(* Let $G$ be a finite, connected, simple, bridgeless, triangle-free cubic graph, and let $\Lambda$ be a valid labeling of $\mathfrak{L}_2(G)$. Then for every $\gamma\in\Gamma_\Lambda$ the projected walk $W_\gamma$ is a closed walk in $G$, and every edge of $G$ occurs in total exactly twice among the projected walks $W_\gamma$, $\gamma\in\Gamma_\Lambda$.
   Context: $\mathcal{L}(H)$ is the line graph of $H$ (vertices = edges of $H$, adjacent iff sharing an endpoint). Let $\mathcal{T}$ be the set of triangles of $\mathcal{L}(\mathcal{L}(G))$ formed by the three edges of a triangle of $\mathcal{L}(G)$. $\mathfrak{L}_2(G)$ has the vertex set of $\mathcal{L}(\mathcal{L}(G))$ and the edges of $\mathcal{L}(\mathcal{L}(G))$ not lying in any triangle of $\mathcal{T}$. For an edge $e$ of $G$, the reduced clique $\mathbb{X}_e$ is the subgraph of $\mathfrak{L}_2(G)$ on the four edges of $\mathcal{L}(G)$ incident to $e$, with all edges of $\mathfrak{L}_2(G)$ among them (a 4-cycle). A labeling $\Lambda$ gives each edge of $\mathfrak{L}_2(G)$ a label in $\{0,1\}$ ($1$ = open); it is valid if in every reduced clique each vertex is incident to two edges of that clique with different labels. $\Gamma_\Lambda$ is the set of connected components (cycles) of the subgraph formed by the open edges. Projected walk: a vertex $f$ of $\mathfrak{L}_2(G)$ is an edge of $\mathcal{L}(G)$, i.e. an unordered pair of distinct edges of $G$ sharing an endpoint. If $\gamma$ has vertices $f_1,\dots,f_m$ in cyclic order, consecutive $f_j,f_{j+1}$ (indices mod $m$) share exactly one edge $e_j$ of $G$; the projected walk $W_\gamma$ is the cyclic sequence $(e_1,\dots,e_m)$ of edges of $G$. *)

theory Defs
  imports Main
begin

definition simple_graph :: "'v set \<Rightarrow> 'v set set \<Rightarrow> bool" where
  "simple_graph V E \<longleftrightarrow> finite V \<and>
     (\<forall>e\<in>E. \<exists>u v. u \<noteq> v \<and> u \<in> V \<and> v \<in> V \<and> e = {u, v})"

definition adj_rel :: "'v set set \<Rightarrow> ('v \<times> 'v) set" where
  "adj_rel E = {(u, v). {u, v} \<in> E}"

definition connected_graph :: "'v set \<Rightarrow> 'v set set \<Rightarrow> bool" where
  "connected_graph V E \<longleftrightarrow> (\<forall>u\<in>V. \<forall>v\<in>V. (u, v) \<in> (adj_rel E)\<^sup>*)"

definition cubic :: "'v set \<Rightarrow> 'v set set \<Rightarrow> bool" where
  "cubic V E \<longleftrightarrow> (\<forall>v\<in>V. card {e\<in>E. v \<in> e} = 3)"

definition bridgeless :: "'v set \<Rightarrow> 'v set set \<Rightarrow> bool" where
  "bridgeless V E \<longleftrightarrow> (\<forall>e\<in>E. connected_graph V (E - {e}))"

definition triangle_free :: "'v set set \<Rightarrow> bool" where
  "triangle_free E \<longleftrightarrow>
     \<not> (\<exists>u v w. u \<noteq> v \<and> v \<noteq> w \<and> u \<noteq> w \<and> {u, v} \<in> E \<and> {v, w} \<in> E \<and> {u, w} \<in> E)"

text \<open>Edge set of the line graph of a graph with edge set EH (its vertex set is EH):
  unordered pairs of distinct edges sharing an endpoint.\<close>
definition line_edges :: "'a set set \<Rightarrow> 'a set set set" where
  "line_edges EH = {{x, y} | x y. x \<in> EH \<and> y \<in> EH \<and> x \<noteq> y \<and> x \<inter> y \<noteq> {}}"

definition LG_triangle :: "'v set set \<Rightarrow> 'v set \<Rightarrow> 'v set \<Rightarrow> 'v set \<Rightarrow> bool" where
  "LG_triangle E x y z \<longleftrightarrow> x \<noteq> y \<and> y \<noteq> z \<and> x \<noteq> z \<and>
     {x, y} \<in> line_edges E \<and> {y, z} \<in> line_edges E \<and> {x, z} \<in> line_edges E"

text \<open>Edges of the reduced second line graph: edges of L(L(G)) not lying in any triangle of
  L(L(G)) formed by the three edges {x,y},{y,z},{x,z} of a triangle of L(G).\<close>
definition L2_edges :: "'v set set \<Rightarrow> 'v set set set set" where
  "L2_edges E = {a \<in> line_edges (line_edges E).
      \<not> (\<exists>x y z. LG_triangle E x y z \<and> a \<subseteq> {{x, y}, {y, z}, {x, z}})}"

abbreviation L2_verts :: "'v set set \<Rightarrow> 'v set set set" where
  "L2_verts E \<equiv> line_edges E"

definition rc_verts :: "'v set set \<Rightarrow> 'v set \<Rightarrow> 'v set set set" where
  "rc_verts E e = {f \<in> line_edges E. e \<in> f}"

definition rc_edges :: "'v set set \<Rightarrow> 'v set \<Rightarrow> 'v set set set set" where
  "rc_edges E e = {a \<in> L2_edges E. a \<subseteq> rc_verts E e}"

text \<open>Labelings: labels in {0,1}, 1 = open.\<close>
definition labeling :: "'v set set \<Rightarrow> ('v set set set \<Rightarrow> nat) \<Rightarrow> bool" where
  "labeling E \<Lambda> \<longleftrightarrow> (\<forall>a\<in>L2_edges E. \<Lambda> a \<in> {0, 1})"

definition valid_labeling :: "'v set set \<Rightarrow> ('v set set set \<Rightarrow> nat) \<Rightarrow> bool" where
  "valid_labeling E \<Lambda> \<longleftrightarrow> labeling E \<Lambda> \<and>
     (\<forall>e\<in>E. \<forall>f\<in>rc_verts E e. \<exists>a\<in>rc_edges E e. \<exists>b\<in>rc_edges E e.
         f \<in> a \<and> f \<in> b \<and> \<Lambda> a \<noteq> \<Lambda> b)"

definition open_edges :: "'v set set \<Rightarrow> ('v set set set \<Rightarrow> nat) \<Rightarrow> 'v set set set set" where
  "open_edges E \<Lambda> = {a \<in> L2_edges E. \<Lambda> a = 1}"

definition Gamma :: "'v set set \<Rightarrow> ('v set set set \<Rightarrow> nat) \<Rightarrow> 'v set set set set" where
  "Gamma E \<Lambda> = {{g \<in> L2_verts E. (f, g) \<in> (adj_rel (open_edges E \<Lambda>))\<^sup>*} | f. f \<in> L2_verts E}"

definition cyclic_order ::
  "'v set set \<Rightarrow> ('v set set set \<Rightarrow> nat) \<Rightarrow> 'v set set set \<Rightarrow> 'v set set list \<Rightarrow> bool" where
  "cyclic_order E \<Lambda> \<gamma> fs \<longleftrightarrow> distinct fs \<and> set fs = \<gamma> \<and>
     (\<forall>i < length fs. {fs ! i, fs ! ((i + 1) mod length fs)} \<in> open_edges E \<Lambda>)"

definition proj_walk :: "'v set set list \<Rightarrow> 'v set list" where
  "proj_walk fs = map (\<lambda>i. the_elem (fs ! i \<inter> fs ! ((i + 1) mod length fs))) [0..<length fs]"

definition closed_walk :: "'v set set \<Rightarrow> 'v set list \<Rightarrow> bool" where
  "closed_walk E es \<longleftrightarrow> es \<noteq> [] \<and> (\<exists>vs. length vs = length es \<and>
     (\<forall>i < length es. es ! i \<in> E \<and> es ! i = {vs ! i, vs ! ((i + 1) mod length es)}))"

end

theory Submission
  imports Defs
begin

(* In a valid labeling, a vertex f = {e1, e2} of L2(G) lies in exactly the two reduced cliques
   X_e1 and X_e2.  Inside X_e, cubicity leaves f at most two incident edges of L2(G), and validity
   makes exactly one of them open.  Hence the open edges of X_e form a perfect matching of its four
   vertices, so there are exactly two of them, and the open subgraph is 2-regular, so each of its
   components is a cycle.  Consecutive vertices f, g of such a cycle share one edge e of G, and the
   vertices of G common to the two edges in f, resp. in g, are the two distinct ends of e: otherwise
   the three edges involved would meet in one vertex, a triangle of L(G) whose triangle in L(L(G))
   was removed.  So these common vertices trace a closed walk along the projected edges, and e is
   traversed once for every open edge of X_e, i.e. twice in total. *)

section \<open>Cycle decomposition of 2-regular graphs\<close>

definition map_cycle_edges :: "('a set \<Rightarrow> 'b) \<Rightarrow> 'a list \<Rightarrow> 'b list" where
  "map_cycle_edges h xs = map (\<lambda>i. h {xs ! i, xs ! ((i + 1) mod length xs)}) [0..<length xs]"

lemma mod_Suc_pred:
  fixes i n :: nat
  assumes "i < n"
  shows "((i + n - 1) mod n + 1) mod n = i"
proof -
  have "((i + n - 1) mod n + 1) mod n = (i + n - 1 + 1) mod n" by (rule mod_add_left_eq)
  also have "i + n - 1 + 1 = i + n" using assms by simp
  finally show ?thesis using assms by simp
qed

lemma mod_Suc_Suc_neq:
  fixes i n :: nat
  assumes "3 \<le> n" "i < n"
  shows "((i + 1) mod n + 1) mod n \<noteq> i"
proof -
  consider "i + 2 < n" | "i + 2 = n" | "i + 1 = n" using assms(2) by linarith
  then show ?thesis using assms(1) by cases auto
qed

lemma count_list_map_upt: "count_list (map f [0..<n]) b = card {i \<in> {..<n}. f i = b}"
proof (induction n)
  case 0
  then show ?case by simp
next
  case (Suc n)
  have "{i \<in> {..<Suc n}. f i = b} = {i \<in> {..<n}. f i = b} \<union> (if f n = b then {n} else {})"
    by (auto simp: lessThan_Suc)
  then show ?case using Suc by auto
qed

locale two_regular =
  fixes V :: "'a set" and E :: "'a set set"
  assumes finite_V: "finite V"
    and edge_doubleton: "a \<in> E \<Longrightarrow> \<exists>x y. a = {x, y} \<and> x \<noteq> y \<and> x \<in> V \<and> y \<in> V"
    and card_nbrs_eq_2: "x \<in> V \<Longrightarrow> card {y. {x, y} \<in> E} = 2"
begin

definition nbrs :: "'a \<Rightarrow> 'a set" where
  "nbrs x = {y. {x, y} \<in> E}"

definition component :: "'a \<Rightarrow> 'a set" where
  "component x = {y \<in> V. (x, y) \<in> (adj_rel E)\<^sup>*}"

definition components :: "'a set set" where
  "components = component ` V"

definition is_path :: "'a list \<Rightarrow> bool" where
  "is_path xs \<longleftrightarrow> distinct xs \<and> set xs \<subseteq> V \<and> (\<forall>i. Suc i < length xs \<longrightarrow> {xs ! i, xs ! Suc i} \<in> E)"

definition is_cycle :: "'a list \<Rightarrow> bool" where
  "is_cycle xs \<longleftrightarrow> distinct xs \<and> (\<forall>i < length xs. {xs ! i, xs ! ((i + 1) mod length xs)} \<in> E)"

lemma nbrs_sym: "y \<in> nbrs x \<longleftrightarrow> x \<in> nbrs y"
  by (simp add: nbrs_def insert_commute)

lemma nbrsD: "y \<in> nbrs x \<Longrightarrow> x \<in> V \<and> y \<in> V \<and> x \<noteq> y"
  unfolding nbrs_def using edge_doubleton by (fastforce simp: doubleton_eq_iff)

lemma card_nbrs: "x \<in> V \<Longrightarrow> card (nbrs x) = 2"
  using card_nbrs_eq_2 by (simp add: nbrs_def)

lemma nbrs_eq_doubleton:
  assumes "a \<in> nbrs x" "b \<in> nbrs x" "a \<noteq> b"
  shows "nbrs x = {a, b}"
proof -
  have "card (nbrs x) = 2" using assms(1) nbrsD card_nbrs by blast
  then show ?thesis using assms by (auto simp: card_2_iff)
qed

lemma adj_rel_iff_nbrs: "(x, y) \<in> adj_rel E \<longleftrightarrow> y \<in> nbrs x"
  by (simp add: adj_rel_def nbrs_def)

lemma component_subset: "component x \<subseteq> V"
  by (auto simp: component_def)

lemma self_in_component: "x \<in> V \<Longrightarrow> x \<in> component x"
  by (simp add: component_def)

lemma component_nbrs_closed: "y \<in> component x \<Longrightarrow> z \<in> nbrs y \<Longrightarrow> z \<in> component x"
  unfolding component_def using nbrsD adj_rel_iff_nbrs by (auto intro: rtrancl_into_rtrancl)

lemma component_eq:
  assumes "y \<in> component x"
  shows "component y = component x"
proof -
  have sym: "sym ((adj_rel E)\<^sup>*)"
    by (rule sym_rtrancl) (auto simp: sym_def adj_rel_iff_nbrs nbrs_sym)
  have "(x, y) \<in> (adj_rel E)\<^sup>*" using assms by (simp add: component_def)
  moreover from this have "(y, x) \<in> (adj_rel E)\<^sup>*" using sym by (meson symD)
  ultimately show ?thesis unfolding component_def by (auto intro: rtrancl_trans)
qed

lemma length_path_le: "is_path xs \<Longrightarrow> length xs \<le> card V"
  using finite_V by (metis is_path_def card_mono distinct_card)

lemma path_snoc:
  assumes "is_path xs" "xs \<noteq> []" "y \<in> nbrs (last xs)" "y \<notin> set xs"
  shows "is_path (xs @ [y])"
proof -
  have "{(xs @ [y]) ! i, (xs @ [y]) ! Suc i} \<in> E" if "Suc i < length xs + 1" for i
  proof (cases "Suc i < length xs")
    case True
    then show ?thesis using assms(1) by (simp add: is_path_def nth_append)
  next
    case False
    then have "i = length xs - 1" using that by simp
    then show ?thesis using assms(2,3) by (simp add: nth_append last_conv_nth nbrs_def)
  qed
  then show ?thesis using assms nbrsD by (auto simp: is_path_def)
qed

::::::::::

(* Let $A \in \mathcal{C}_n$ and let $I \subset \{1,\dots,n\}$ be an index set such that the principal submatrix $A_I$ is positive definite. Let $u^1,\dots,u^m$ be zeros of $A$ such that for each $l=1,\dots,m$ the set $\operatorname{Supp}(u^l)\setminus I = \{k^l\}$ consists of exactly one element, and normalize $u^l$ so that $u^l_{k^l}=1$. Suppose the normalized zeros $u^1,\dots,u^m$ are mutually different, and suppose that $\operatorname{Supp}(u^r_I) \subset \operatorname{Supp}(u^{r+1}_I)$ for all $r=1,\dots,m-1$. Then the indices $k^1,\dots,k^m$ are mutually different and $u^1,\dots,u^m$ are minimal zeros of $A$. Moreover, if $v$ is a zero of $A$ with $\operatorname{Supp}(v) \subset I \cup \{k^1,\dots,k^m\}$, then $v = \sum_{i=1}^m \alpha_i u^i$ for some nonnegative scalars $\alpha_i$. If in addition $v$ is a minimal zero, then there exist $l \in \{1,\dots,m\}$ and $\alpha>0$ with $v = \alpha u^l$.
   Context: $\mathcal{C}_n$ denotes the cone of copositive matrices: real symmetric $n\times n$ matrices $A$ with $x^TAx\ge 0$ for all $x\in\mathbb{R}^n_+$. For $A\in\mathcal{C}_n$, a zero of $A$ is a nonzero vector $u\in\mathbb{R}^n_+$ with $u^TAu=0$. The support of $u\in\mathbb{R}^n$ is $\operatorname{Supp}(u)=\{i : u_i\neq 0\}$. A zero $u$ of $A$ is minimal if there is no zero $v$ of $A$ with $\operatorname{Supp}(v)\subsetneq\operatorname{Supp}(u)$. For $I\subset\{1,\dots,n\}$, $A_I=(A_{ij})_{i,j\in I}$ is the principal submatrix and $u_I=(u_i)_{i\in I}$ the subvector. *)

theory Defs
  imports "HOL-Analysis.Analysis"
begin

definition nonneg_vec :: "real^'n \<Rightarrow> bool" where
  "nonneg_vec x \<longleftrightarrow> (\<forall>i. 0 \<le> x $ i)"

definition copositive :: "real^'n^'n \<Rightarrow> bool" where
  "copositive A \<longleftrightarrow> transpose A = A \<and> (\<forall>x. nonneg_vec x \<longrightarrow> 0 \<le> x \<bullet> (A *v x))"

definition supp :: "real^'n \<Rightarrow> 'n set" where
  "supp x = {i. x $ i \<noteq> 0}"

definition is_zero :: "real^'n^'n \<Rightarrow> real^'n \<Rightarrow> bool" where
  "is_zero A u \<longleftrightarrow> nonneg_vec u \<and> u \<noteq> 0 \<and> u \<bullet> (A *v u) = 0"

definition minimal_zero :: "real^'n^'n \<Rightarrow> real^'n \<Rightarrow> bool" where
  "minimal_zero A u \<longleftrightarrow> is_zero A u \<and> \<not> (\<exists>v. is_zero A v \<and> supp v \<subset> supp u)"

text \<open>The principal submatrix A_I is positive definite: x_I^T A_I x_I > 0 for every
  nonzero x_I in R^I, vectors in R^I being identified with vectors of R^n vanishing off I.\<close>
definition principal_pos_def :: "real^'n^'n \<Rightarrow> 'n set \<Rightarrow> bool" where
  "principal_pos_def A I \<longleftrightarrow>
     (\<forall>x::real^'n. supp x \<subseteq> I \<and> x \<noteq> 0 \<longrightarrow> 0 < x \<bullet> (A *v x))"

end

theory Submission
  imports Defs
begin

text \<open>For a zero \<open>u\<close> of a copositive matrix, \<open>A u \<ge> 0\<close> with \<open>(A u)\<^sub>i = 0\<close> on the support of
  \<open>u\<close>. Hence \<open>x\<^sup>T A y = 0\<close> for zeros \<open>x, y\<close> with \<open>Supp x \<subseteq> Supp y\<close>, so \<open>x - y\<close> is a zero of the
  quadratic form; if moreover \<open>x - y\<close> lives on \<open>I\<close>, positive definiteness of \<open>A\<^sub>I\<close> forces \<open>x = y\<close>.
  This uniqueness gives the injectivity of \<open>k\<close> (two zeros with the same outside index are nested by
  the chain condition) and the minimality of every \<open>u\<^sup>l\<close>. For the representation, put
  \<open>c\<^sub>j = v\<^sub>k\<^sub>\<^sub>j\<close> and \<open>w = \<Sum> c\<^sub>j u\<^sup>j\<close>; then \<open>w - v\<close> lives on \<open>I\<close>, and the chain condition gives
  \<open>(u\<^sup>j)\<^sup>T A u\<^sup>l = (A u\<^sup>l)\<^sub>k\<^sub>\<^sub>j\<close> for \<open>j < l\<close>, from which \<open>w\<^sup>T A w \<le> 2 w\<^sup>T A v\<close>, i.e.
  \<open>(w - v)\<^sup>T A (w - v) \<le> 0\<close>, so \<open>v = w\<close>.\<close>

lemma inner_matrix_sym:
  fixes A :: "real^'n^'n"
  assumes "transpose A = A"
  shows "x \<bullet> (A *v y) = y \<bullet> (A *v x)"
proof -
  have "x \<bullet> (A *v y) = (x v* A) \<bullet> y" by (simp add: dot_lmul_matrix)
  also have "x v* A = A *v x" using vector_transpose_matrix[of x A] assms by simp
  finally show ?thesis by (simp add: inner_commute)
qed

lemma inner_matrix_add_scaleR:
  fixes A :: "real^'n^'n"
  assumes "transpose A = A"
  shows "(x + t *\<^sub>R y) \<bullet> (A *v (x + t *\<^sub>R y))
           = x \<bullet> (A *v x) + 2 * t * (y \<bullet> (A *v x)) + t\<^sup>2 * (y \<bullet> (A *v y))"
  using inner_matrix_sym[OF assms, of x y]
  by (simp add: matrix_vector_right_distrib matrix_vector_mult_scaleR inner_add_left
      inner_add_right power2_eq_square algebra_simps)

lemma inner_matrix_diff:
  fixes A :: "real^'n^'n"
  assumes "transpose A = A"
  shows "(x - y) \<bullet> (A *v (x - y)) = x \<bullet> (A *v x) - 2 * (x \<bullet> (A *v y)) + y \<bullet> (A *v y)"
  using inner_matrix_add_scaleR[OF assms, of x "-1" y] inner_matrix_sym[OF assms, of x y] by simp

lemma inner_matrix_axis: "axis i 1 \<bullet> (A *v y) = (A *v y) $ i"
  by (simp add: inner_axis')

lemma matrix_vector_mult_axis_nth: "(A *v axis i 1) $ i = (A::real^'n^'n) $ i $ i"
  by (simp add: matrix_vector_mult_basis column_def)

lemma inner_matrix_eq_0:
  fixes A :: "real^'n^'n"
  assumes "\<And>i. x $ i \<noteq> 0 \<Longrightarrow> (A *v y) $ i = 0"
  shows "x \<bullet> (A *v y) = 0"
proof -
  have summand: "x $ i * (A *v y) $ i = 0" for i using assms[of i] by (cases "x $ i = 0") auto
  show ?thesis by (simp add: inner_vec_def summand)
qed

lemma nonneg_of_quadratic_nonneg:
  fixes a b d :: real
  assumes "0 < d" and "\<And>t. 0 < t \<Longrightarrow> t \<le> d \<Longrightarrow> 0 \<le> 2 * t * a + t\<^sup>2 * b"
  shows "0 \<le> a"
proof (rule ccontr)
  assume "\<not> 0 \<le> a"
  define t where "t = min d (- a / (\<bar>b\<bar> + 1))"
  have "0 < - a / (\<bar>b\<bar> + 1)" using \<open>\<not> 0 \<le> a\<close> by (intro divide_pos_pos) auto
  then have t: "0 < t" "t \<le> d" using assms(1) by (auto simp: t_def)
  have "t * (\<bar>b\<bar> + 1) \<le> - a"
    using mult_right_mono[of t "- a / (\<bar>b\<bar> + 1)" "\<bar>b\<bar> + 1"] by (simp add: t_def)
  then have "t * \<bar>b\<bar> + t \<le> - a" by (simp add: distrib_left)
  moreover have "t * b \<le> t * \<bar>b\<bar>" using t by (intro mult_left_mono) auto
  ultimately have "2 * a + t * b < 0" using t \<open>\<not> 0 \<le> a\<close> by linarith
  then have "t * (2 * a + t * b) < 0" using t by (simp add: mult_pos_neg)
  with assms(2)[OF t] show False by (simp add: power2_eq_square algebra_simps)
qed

::::::::::

**Try it:**
Look for the string "Context" in the data above and return every line that has it.

**Answer to this task:**
   Context: $\mathcal{L}(H)$ is the line graph of $H$ (vertices = edges of $H$, adjacent iff sharing an endpoint). Let $\mathcal{T}$ be the set of triangles of $\mathcal{L}(\mathcal{L}(G))$ formed by the three edges of a triangle of $\mathcal{L}(G)$. $\mathfrak{L}_2(G)$ has the vertex set of $\mathcal{L}(\mathcal{L}(G))$ and the edges of $\mathcal{L}(\mathcal{L}(G))$ not lying in any triangle of $\mathcal{T}$. For an edge $e$ of $G$, the reduced clique $\mathbb{X}_e$ is the subgraph of $\mathfrak{L}_2(G)$ on the four edges of $\mathcal{L}(G)$ incident to $e$, with all edges of $\mathfrak{L}_2(G)$ among them (a 4-cycle). A labeling $\Lambda$ gives each edge of $\mathfrak{L}_2(G)$ a label in $\{0,1\}$ ($1$ = open); it is valid if in every reduced clique each vertex is incident to two edges of that clique with different labels. $\Gamma_\Lambda$ is the set of connected components (cycles) of the subgraph formed by the open edges. Projected walk: a vertex $f$ of $\mathfrak{L}_2(G)$ is an edge of $\mathcal{L}(G)$, i.e. an unordered pair of distinct edges of $G$ sharing an endpoint. If $\gamma$ has vertices $f_1,\dots,f_m$ in cyclic order, consecutive $f_j,f_{j+1}$ (indices mod $m$) share exactly one edge $e_j$ of $G$; the projected walk $W_\gamma$ is the cyclic sequence $(e_1,\dots,e_m)$ of edges of $G$. *)
   Context: $\mathcal{C}_n$ denotes the cone of copositive matrices: real symmetric $n\times n$ matrices $A$ with $x^TAx\ge 0$ for all $x\in\mathbb{R}^n_+$. For $A\in\mathcal{C}_n$, a zero of $A$ is a nonzero vector $u\in\mathbb{R}^n_+$ with $u^TAu=0$. The support of $u\in\mathbb{R}^n$ is $\operatorname{Supp}(u)=\{i : u_i\neq 0\}$. A zero $u$ of $A$ is minimal if there is no zero $v$ of $A$ with $\operatorname{Supp}(v)\subsetneq\operatorname{Supp}(u)$. For $I\subset\{1,\dots,n\}$, $A_I=(A_{ij})_{i,j\in I}$ is the principal submatrix and $u_I=(u_i)_{i\in I}$ the subvector. *)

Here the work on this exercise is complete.